Kamis, 25 September 2008

Mamma Mia...'sinting' di masa tua !





Kemarin sore, saya melakukan tindakan yang tak masuk akal. Tetapi untunglah akhirnya justru menyehatkan akal.

Mbak Fanny Poyk tiba2 ngajak ketemuan, katanya ada temennya yang mau nraktir nonton ABBA. Saya tegaskan sekali lagi, bener ga saya juga dibayarin ? Bener. Kan tiket konser artis bule gitu mahal. Enggak kok, cuman 30 ribu. Yakin ? Jangan - jangan kita nonton di bawah drum. Enggak, bener...nonton di Megaplex. walah, itu mah pilem, bukan nonton ABBA. Iya..ABBA dalam film hehehe

Begitulah, pukul 15.00 saya sempat ragu. Berangkat enggak ya tatkala menimbang pekerjaan yang bejibun tiada tara (Aduh...mau libur nasional seminggu aja bayarannya mahal bener)Akhirnya, menimbang kepala yang sudah berat dan butuh ketawa ngakak..saya pun berangkat dan berniat balik lagi ke kantor untuk menyeleseikan tulisan. (Saya sedang mengedit tulisan untuk acara di Bali dan duh...terkadang daripada mengedit mending menulis sendiri).

Begitulah, akhirnya saya tunggu Mbak Fanny di TKP yang dimaksud. Sebuah lokasi yang menurut saya begitu mewahnya. Dan saya selalu merasa berdosa, tak nyaman, dan pengin secepatnya kabur dengan lokasi seperti ini (dasar berpribadi miskin hehehe). Saya duduk di pojok, sembari melihat orang lalu lalang. Mbak - mbak cantik2, bajunya minim - minim (oh, khusus untuk hal ini di sini sangat efisien, sehingga tak perlu merasa berdosa dengan kere yang tak mampu beli baju). Lalu banyak wartawan (ya saya mengenali mereka dari atribut dan pembicaraan : seputar deadline. Aduh..kepalaku jadi berat). Banyak wartawan itu menandakan mau ada premier film (ternyata Laskar Pelangi).

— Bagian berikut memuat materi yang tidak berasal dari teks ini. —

(* Let $f(z)=\sum_{n=0}^\infty a_nz^n$ be an analytic function in the open unit disk $\mathbb{D}=\{z\in\mathbb{C}:|z|<1\}$ such that $a_{0}\in (0,1)$ and $\operatorname{Re} f(z)<1$ in $\mathbb{D}$. Then $$\sum_{n=0}^\infty |a_n|r^n+\left(\frac{1}{1+a_0}+\frac{r}{1-r}\right)\sum_{n=1}^{\infty}|a_n|^2r^{2n} \le 1$$ holds for all $r\leq r_{*}$, where $r_{*}\approx 0.24683$ is the unique root of the equation $3r^3-5r^2-3r+1=0$ in the interval $(0,1)$. Moreover, for any $a_{0}\in (0,1)$ there exists a uniquely defined $r_0=r_0(a_0)\in \left(r_{*},\frac{1}{3}\right)$ such that $$\sum_{n=0}^\infty |a_n|r^n+\left(\frac{1}{1+a_0}+\frac{r}{1-r}\right)\sum_{n=1}^{\infty}|a_n|^2r^{2n} \le 1$$ for $r\in [0,r_0]$. The radius $r_0=r_0(a_0)$ can be calculated as the solution of the equation $$\Phi(\lambda,r)= 4r^3\lambda^2- (7r^3+3r^2-3r+1)\lambda +6r^3-2r^2-6r+2 = 0,$$ where $\lambda = 1 - a_0$. The result is sharp.
   Context: $\mathbb{D}$ denotes the open unit disk $\{z\in\mathbb{C}:|z|<1\}$. *)

theory Defs
  imports "HOL-Analysis.Analysis"
begin

definition taylor_coeff :: "(complex \<Rightarrow> complex) \<Rightarrow> nat \<Rightarrow> complex" where
  "taylor_coeff f n = (deriv ^^ n) f 0 / of_nat (fact n)"

definition admissible :: "real \<Rightarrow> (complex \<Rightarrow> complex) \<Rightarrow> bool" where
  "admissible a0 f \<longleftrightarrow> f holomorphic_on ball 0 1 \<and> f 0 = complex_of_real a0 \<and>
     (\<forall>z\<in>ball 0 1. Re (f z) < 1)"

definition bohr_sum :: "(complex \<Rightarrow> complex) \<Rightarrow> real \<Rightarrow> real \<Rightarrow> real" where
  "bohr_sum f a0 r =
     (\<Sum>n. norm (taylor_coeff f n) * r ^ n) +
     (1 / (1 + a0) + r / (1 - r)) * (\<Sum>n. (norm (taylor_coeff f (Suc n)))\<^sup>2 * r ^ (2 * Suc n))"

definition rstar_poly :: "real \<Rightarrow> real" where
  "rstar_poly r = 3 * r ^ 3 - 5 * r ^ 2 - 3 * r + 1"

definition rstar :: real where
  "rstar = (THE r. 0 < r \<and> r < 1 \<and> rstar_poly r = 0)"

definition Phi :: "real \<Rightarrow> real \<Rightarrow> real" where
  "Phi lam r = 4 * r ^ 3 * lam ^ 2 - (7 * r ^ 3 + 3 * r ^ 2 - 3 * r + 1) * lam
              + 6 * r ^ 3 - 2 * r ^ 2 - 6 * r + 2"

end

theory Submission
  imports Defs "HOL-Complex_Analysis.Complex_Analysis"
begin

text \<open>
  Write 1 - f = p, so that Re p > 0 and p(0) = 1 - a0. On the circle |z| = \<rho>, Cauchy's formula
  makes a_n \<rho>^n (n \<ge> 1) the n-th Fourier coefficient of 2 Re p, whose mean is 2 Re p(0); this gives
  Caratheodory's bound |a_n| \<le> 2 (1 - a0). The function a0 - 2 (1 - a0) z / (1 - z) attains it
  for every n, so for each r the left-hand side is largest for this function, where it equals an explicit
  rational function M(a0, r), strictly increasing in r, with
  1 - M = (1 - a0) \<Phi>(1 - a0, r) / ((1 + a0) (1 - r) (1 - r^2)).
  Hence the inequality holds exactly for r up to the root r0 of \<Phi>(1 - a0, -). Finally
  \<Phi>(\<lambda>, 1/3) < 0 < \<Phi>(\<lambda>, r_*), the latter because \<Phi>(1, -) is the cubic defining r_* and
  \<Phi>(\<lambda>, r) exceeds it for \<lambda> < 1, which places r0 in (r_*, 1/3).
\<close>

lemma has_integral_circlepath_0:
  fixes \<rho> :: real
  assumes "(f has_contour_integral I) (circlepath 0 \<rho>)"
  shows "((\<lambda>t. f (\<rho> * cis (2*pi*t)) * (\<rho> * cis (2*pi*t))) has_integral I / (2*pi*\<i>)) {0..1}"
proof -
  have path: "circlepath 0 \<rho> t = \<rho> * cis (2*pi*t)" for t
    by (simp add: circlepath cis_conv_exp mult_ac)
  have deriv: "vector_derivative (circlepath 0 \<rho>) (at t within {0..1}) = 2*pi*\<i> * (\<rho> * cis (2*pi*t))"
    if "t \<in> {0..1}" for t
    using that by (simp add: vector_derivative_circlepath01 cis_conv_exp mult_ac)
  have "((\<lambda>t. f (circlepath 0 \<rho> t) * vector_derivative (circlepath 0 \<rho>) (at t within {0..1}))
          has_integral I) {0..1}"
    using assms by (simp add: has_contour_integral_def)
  then have "((\<lambda>t. 2*pi*\<i> * (f (\<rho> * cis (2*pi*t)) * (\<rho> * cis (2*pi*t)))) has_integral I) {0..1}"
    by (rule has_integral_eq[rotated]) (simp add: path deriv mult_ac)
  then show ?thesis
    by (simp add: has_integral_mult_right_iff)
qed

lemma has_integral_circle_taylor_coeff:
  fixes g :: "complex \<Rightarrow> complex" and \<rho> :: real
  assumes holo: "g holomorphic_on ball 0 1" and \<rho>: "0 < \<rho>" "\<rho> < 1"
  shows "((\<lambda>t. g (\<rho> * cis (2*pi*t)) * cis (-(2*pi*t)) ^ k) has_integral
           (deriv ^^ k) g 0 / fact k * \<rho> ^ k) {0..1}"
proof -
  have "g holomorphic_on cball 0 \<rho>"
    using \<rho> by (intro holomorphic_on_subset[OF holo]) auto
  have "((\<lambda>u. g u / (u - 0) ^ Suc k) has_contour_integral 2*pi*\<i> / fact k * (deriv ^^ k) g 0)
          (circlepath 0 \<rho>)"
    using \<rho> \<open>g holomorphic_on cball 0 \<rho>\<close>
    by (intro Cauchy_has_contour_integral_higher_derivative_circlepath)
       (auto intro: holomorphic_on_imp_continuous_on holomorphic_on_subset[OF _ ball_subset_cball])
  from has_integral_circlepath_0[OF this]
  have "((\<lambda>t. \<rho> ^ k * (g (\<rho> * cis (2*pi*t)) / (\<rho> * cis (2*pi*t)) ^ Suc k * (\<rho> * cis (2*pi*t))))
          has_integral \<rho> ^ k * (2*pi*\<i> / fact k * (deriv ^^ k) g 0 / (2*pi*\<i>))) {0..1}"
    by (intro has_integral_mult_right) simp
  moreover have "\<rho> ^ k * (g (\<rho> * cis (2*pi*t)) / (\<rho> * cis (2*pi*t)) ^ Suc k * (\<rho> * cis (2*pi*t)))
      = g (\<rho> * cis (2*pi*t)) * cis (-(2*pi*t)) ^ k" for t
    using \<rho> by (simp add: field_simps cis_inverse[symmetric])
  ultimately show ?thesis by (simp add: mult.commute)
qed

lemma has_integral_circle_pos_power:
  fixes g :: "complex \<Rightarrow> complex" and \<rho> :: real
  assumes holo: "g holomorphic_on ball 0 1" and \<rho>: "0 < \<rho>" "\<rho> < 1"
  shows "((\<lambda>t. g (\<rho> * cis (2*pi*t)) * cis (2*pi*t) ^ Suc k) has_integral 0) {0..1}"
proof -
  have "((\<lambda>u. g u * u ^ k) has_contour_integral 0) (circlepath 0 \<rho>)"
    using \<rho>
    by (intro Cauchy_theorem_convex_simple[OF _ convex_ball, of _ 0 1])
       (auto intro!: holomorphic_intros holo simp: path_image_circlepath)
  from has_integral_circlepath_0[OF this]
  have "((\<lambda>t. 1 / \<rho> ^ Suc k * (g (\<rho> * cis (2*pi*t)) * (\<rho> * cis (2*pi*t)) ^ k * (\<rho> * cis (2*pi*t))))
          has_integral 1 / \<rho> ^ Suc k * (0 / (2*pi*\<i>))) {0..1}"
    by (rule has_integral_mult_right)
  moreover have "1 / \<rho> ^ Suc k * (g (\<rho> * cis (2*pi*t)) * (\<rho> * cis (2*pi*t)) ^ k * (\<rho> * cis (2*pi*t)))
      = g (\<rho> * cis (2*pi*t)) * cis (2*pi*t) ^ Suc k" for t
    using \<rho> by (simp add: field_simps)
  ultimately show ?thesis by simp
qed
lemma spin_eq_iff_wtS_eq: "is_spin n C\<^sub>1 \<Longrightarrow> is_spin n C\<^sub>2 \<Longrightarrow> C\<^sub>1 = C\<^sub>2 \<longleftrightarrow> wtS C\<^sub>1 = wtS C\<^sub>2"
  by (metis spin_of_weight_wtS)

lemma phiW_or_epsW_eq_0:
  assumes closed: "crystal_closed n X"
    and spin_weights: "\<And>w. w \<in> X \<Longrightarrow> valid_word n w \<and> is_spin_weight n (wtW w)"
    and w: "w \<in> X" and i: "i \<in> {1..n}"
  shows "phiW n i w = 0 \<or> epsW n i w = 0"
proof (rule ccontr)
  assume "\<not> ?thesis"
  then obtain w\<^sub>f w\<^sub>e where f: "fW n i w = Some w\<^sub>f" and e: "eW n i w = Some w\<^sub>e"
    using fW_eq_None_iff[of n i w] eW_eq_None_iff[of n i w] by auto
  have "wtW w\<^sub>f i = wtW w i - 1" "wtW w\<^sub>e i = wtW w i + 1"
    using fW_Some[OF _ f i] eW_Some[OF _ e i] spin_weights[OF w] by (auto simp: simple_root_def)
  moreover have "is_spin_weight n (wtW w\<^sub>f)" "is_spin_weight n (wtW w\<^sub>e)"
    using spin_weights crystal_closed_fW[OF closed w i f] crystal_closed_eW[OF closed w i e] by auto
  then have "wtW w\<^sub>f i = 1/2 \<or> wtW w\<^sub>f i = -1/2" "wtW w\<^sub>e i = 1/2 \<or> wtW w\<^sub>e i = -1/2"
    using i by (simp_all add: is_spin_weight_def)
  ultimately show False by auto
qed

lemma phiW_pos_iff_coroot_pairing:
  assumes "phiW n i w = 0 \<or> epsW n i w = 0" "valid_word n w" "i \<in> {1..n}"
  shows "0 < phiW n i w \<longleftrightarrow> 0 < coroot_pairing n i (wtW w)"
  using phiW_minus_epsW[OF assms(2,3)] assms(1) by auto

definition spin_words :: "nat \<Rightarrow> word set" where
  "spin_words n = {[S C] | C. is_spin n C}"

lemma crystal_closed_spin_words: "crystal_closed n (spin_words n)"
proof (rule crystal_closedI)
  fix w i w' assume "w \<in> spin_words n" "i \<in> {1..n}" "fW n i w = Some w'"
  then show "w' \<in> spin_words n"
    using fW_Some[of n w i w'] by (auto simp: spin_words_def fW_eq_None_iff split: if_splits)
next
  fix w i w' assume "w \<in> spin_words n" "i \<in> {1..n}" "eW n i w = Some w'"
  then show "w' \<in> spin_words n"
    using eW_Some[of n w i w'] by (auto simp: spin_words_def)
qed

lemma spin_words_spin_weight: "w \<in> spin_words n \<Longrightarrow> valid_word n w \<and> is_spin_weight n (wtW w)"
  by (auto simp: spin_words_def is_spin_weight_wtS)

lemma tri_words_spin_weight:
  assumes n: "1 \<le> n" and w: "w \<in> tri_words n"
  shows "valid_word n w \<and> is_spin_weight n (wtW w)"
proof -
  obtain C x where w_def: "w = [S C, L x]" and spin: "is_spin n C" and x: "valid_letter n x"
    and above: "\<forall>t\<in>C. rank n t < rank n x"
    using w tri_iff[OF _ n] by (auto simp: tri_words_def)
  have "is_spin_weight n (\<lambda>j. wtS C j + wtL x j)"
  proof (cases x)
    case (Pos j)
    then show ?thesis using above x spin_Pos_iff_Neg_notin[OF spin, of j] by force
  next
    case Zero
    then show ?thesis using is_spin_weight_wtS[OF spin] by simp
  next
    case (Neg j)
    then have "Pos j \<in> C" using above x spin_Pos_iff_Neg_notin[OF spin, of j] by force
    then have "(\<lambda>j'. wtS C j' + wtL x j') = (wtS C)(j := -1/2)"
      using Neg by (auto simp: wtS_def fun_eq_iff)
    moreover have "is_spin_weight n ((wtS C)(j := -1/2))"
      using is_spin_weight_wtS[OF spin] Neg x by (auto simp: is_spin_weight_def)
    ultimately show ?thesis by simp
  qed
  then show ?thesis using w_def spin x by simp
qed

definition psi_tri :: "nat \<Rightarrow> word \<Rightarrow> word" where
  "psi_tri n w = [S (spin_of_weight n (wtW w))]"

lemma fW_psi_tri:
  assumes n: "1 \<le> n" and w: "w \<in> tri_words n" and i: "i \<in> {1..n}"
  shows "fW n i (psi_tri n w) = map_option (psi_tri n) (fW n i w)"
proof -
  have spin_weight: "valid_word n w" "is_spin_weight n (wtW w)"
    using tri_words_spin_weight[OF n w] by auto
  have image: "psi_tri n w \<in> spin_words n" "wtW (psi_tri n w) = wtW w"
    using is_spin_spin_of_weight[OF spin_weight(2)] wtS_spin_of_weight[OF spin_weight(2)]
    by (auto simp: psi_tri_def spin_words_def)
  have "0 < phiW n i (psi_tri n w) \<longleftrightarrow> 0 < phiW n i w"
    using phiW_pos_iff_coroot_pairing[OF phiW_or_epsW_eq_0[OF crystal_closed_spin_words
          spin_words_spin_weight image(1) i] _ i]
      phiW_pos_iff_coroot_pairing[OF phiW_or_epsW_eq_0[OF crystal_closed_tri_words[OF n]
          tri_words_spin_weight[OF n] w i] spin_weight(1) i]
      spin_words_spin_weight[OF image(1)] image(2) by simp
  then have None_iff: "fW n i (psi_tri n w) = None \<longleftrightarrow> fW n i w = None"
    unfolding fW_eq_None_iff by (metis neq0_conv)
  show ?thesis
  proof (cases "fW n i w")
    case None
    then show ?thesis using None_iff by simp
  next
    case (Some w')
    then obtain u where u: "fW n i (psi_tri n w) = Some u" using None_iff by auto
    then obtain C where C: "u = [S C]" "is_spin n C"
      using crystal_closed_fW[OF crystal_closed_spin_words image(1) i]
      by (auto simp: spin_words_def)
    have "wtW w' = wtW u"
      using fW_Some[OF spin_weight(1) Some i] fW_Some[OF _ u i] image spin_words_spin_weight by simp
    then have "psi_tri n w' = u" using C spin_of_weight_wtS by (simp add: psi_tri_def)
    then show ?thesis using Some u by simp
  qed
qed

theorem crystal_iso_psi_tri:
  assumes n: "1 \<le> n"
  shows "crystal_iso n (component n [S (Cn n), L Zero]) (component n [S (Cn n)]) (psi_tri n)"
proof -
  note component = component_tri_words[OF n]
  interpret fW_equivariant n "[S (Cn n), L Zero]" "psi_tri n"
  proof
    fix w assume "w \<in> component n [S (Cn n), L Zero]"
    then have w: "w \<in> tri_words n" using component by simp
    show "valid_word n (psi_tri n w)" "wtW (psi_tri n w) = wtW w"
      using is_spin_spin_of_weight wtS_spin_of_weight tri_words_spin_weight[OF n w]
      by (auto simp: psi_tri_def)
    show "fW n i (psi_tri n w) = map_option (psi_tri n) (fW n i w)" if "i \<in> {1..n}" for i
      using fW_psi_tri[OF n w that] .
  qed (simp add: Cn_spin)
  have image: "psi_tri n [S (Cn n), L Zero] = [S (Cn n)]"
    using spin_of_weight_wtS[OF Cn_spin] by (simp add: psi_tri_def)
  have "crystal_iso n (component n [S (Cn n), L Zero])
      (component n (psi_tri n [S (Cn n), L Zero])) (psi_tri n)"
  proof (rule crystal_iso_component)
    show "highest_weight n [S (Cn n), L Zero]"
      using highest_weight_spin_letter_iff[OF n Cn_spin] by simp
    show "w = [S (Cn n), L Zero]" if "w \<in> component n [S (Cn n), L Zero]" "highest_weight n w" for w
      using highest_weight_in_tri_words[OF n] that component by simp
  qed
  then show ?thesis unfolding image .
qed

lemma crystal_iso_tri_image:
  assumes n: "1 \<le> n"
    and iso: "crystal_iso n (component n [S (Cn n), L Zero]) (component n [S (Cn n)]) \<Psi>"
    and C: "is_spin n C" "valid_letter n x" "tri n x C"
  shows "\<exists>C'. is_spin n C' \<and> (\<forall>j. wtS C' j = wtS C j + wtL x j) \<and> \<Psi> [S C, L x] = [S C']"
proof -
  have w: "[S C, L x] \<in> component n [S (Cn n), L Zero]"
    using C component_tri_words[OF n] by (auto simp: tri_words_def)
  then have "\<Psi> [S C, L x] \<in> component n [S (Cn n)]"
    using iso by (auto simp: crystal_iso_def bij_betw_def)
  moreover have "component n [S (Cn n)] \<subseteq> spin_words n"
    using component_subset[OF _ crystal_closed_spin_words] Cn_spin by (simp add: spin_words_def)
  ultimately have "\<Psi> [S C, L x] \<in> spin_words n" by blast
  moreover have "wtW (\<Psi> [S C, L x]) = wtW [S C, L x]"
    using iso w by (simp add: crystal_iso_def)
  ultimately show ?thesis by (auto simp: spin_words_def fun_eq_iff)
qed

section \<open>The component of Cn n followed by 1\<close>

(* In the notation of the theorem, upper_set n C x is T, least_upper n C x is x', and
   column_exchange C x x' is C' (the letter 0 never enters a column). *)
definition upper_set :: "nat \<Rightarrow> letter set \<Rightarrow> letter \<Rightarrow> letter set" where
  "upper_set n C x = (if rank n Zero \<le> rank n x then {t \<in> C. rank n x \<le> rank n t}
                      else {t \<in> C. rank n x \<le> rank n t} \<union> {Zero})"

definition least_upper :: "nat \<Rightarrow> letter set \<Rightarrow> letter \<Rightarrow> letter" where
  "least_upper n C x = (THE t. t \<in> upper_set n C x \<and> (\<forall>s\<in>upper_set n C x. rank n t \<le> rank n s))"

fun bar :: "letter \<Rightarrow> letter" where
  "bar (Pos j) = Neg j"
| "bar Zero = Zero"
| "bar (Neg j) = Pos j"

definition column_exchange :: "letter set \<Rightarrow> letter \<Rightarrow> letter \<Rightarrow> letter set" where
  "column_exchange C x y = (if y = x then C else C - {bar x, y} \<union> ({x, bar y} - {Zero}))"

lemma mem_upper_set_iff:
  "s \<in> upper_set n C x \<longleftrightarrow> s \<in> C \<and> rank n x \<le> rank n s \<or> s = Zero \<and> rank n x \<le> n"
  by (auto simp: upper_set_def)

lemma least_upper_eqI:
  assumes spin: "is_spin n C" and z: "z \<in> upper_set n C x"
    and least: "\<forall>s\<in>upper_set n C x. rank n z \<le> rank n s"
  shows "least_upper n C x = z"
  unfolding least_upper_def
proof (rule the_equality)
  have valid: "valid_letter n s" if "s \<in> upper_set n C x" for s
    using that spin_valid_letter[OF spin] by (auto simp: mem_upper_set_iff)
  fix t assume "t \<in> upper_set n C x \<and> (\<forall>s\<in>upper_set n C x. rank n t \<le> rank n s)"
  then show "t = z" using z least valid rank_eq_iff by (meson le_antisym)
qed (use z least in simp)

lemma
  assumes spin: "is_spin n C" and below: "\<exists>t\<in>C. rank n x \<le> rank n t"
  shows least_upper_mem: "least_upper n C x \<in> upper_set n C x"
    and least_upper_le: "\<forall>s\<in>upper_set n C x. rank n (least_upper n C x) \<le> rank n s"
proof -
  have "finite (rank n ` upper_set n C x)" "rank n ` upper_set n C x \<noteq> {}"
    using spin_finite[OF spin] below by (auto simp: upper_set_def)
  then obtain z where "z \<in> upper_set n C x" "rank n z = Min (rank n ` upper_set n C x)"
    by (metis (no_types, lifting) Min_in imageE)
  moreover from this have "\<forall>s\<in>upper_set n C x. rank n z \<le> rank n s"
    using \<open>finite (rank n ` upper_set n C x)\<close> by simp
  ultimately show "least_upper n C x \<in> upper_set n C x"
    "\<forall>s\<in>upper_set n C x. rank n (least_upper n C x) \<le> rank n s"
    using least_upper_eqI[OF spin] by auto
qed

lemma least_upper_self:
  assumes "is_spin n C" "x \<in> C"
  shows "least_upper n C x = x"
  using assms by (intro least_upper_eqI) (auto simp: mem_upper_set_iff)

lemma spin_rank_ne_Zero: "is_spin n C \<Longrightarrow> s \<in> C \<Longrightarrow> rank n s \<noteq> rank n Zero"
  using spin_valid_letter spin_Zero_notin by (cases s) fastforce+

lemma bar_eq_iff [simp]:
  "bar x = Pos j \<longleftrightarrow> x = Neg j" "bar x = Neg j \<longleftrightarrow> x = Pos j" "bar x = Zero \<longleftrightarrow> x = Zero"
  "Pos j = bar x \<longleftrightarrow> x = Neg j" "Neg j = bar x \<longleftrightarrow> x = Pos j" "Zero = bar x \<longleftrightarrow> x = Zero"
  by (cases x; auto)+

fun psi_non_tri :: "nat \<Rightarrow> word \<Rightarrow> word" where
  "psi_non_tri n [S C, L x] = [L (least_upper n C x), S (column_exchange C x (least_upper n C x))]"
| "psi_non_tri n w = w"

locale non_tri_letter =
  fixes n :: nat and C :: "letter set" and x :: letter
  assumes spin: "is_spin n C" and valid_x: "valid_letter n x"
    and below: "\<exists>t\<in>C. rank n x \<le> rank n t"
begin

abbreviation y :: letter where "y \<equiv> least_upper n C x"

abbreviation D :: "letter set" where "D \<equiv> column_exchange C x y"

lemma y_mem: "y \<in> C \<or> y = Zero \<and> rank n x \<le> n"
  and rank_x_le_y: "rank n x \<le> rank n y"
  and y_least: "\<And>s. s \<in> C \<Longrightarrow> rank n x \<le> rank n s \<Longrightarrow> rank n y \<le> rank n s"
  using least_upper_mem[OF spin below] least_upper_le[OF spin below]
  by (auto simp: mem_upper_set_iff)

lemma valid_y: "valid_letter n y"
  using y_mem spin_valid_letter[OF spin] by auto

lemma y_less: "s \<in> C \<Longrightarrow> rank n x \<le> rank n s \<Longrightarrow> s \<noteq> y \<Longrightarrow> rank n y < rank n s"
  using y_least rank_eq_iff[OF valid_y spin_valid_letter[OF spin]] by fastforce

lemma y_le_Zero: "rank n x \<le> n \<Longrightarrow> rank n y \<le> n + 1"
  using least_upper_le[OF spin below, THEN bspec, of Zero] by (simp add: mem_upper_set_iff)

lemma y_eq_x: "x \<in> C \<Longrightarrow> y = x"
  using least_upper_self[OF spin] by simp

lemma y_neq_x: "x \<notin> C \<Longrightarrow> y \<noteq> x"
  using y_mem by auto

lemma D_eq_C: "x \<in> C \<Longrightarrow> D = C"
  using y_eq_x by (simp add: column_exchange_def)

lemma least_upper_eq_y:
  assumes "\<forall>s\<in>C. rank n x' \<le> rank n s \<longrightarrow> rank n x \<le> rank n s"
    and "rank n x \<le> rank n x'" "rank n x' \<le> rank n y" "y = Zero \<Longrightarrow> rank n x' \<le> n"
  shows "least_upper n C x' = y"
  using assms y_mem y_least y_le_Zero
  by (intro least_upper_eqI[OF spin]) (auto simp: mem_upper_set_iff)

lemma y_not_bar_x: "y \<noteq> bar x"
  using valid_x valid_y rank_x_le_y y_le_Zero y_mem spin_Zero_notin[OF spin]
  by (cases x; cases y) auto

Mbak Fanny datang. Temannya Mbak Fanny, namanya Bu Sasi pun menepati janjinya untuk membelikan tiket. Ya benar, 30 ribu ! Tapi mak...yang membuat saya sesek (dan ga rela), untuk bekal berbuka pas nonton film (karena pas maghrib pastilah film sedang diputar, maafkan saya ya Allah, sedikit tak bertaqwa), saya beli sebotol air mineral . Dengan kalem, Mbak kasirnya menyebut angka Rp 13.350,- Byuh. Serasa nyesek. Coba tadi beli di kaki lima, maksimal Rp 2.000,- Kalau di sini Rp 5.000,- gitu masih maklum, lha ini 6 x lipat. Kejem !! Mau saya kembalikan, tapi kok takut..bukan takut dituduh miskin, tapi takut dipelototin Mbak kasir.

Mbak Fanny senyam senyum Pun ketika seorang sales kartu kredit menawarkan jasanya, dengan elegan Mbak Fanny menolak. begini kalimatnya :
"Wah, saya tidak mau lagi ikut yang begituan "
"Lah ini kan menguntungkan bla..bla..bla (yang ditawari hanya Mbka Fanny, bagaimanapun dia masih nampak kaya daripada aku hahaha)
"Maaf Mas, saya gak punya tabungan sama sekali. Saya kan pengangguran (dengan menepuk dada, tanpa beban justru malah bangga). Nanti kalo ikut, ga bisa bayar, dikejar kejar tuh sama depcolector yang badannya gede (sembari mengangkat kedua tangan posisi Ade Rai)" Salespun pergi tanpa basa basi.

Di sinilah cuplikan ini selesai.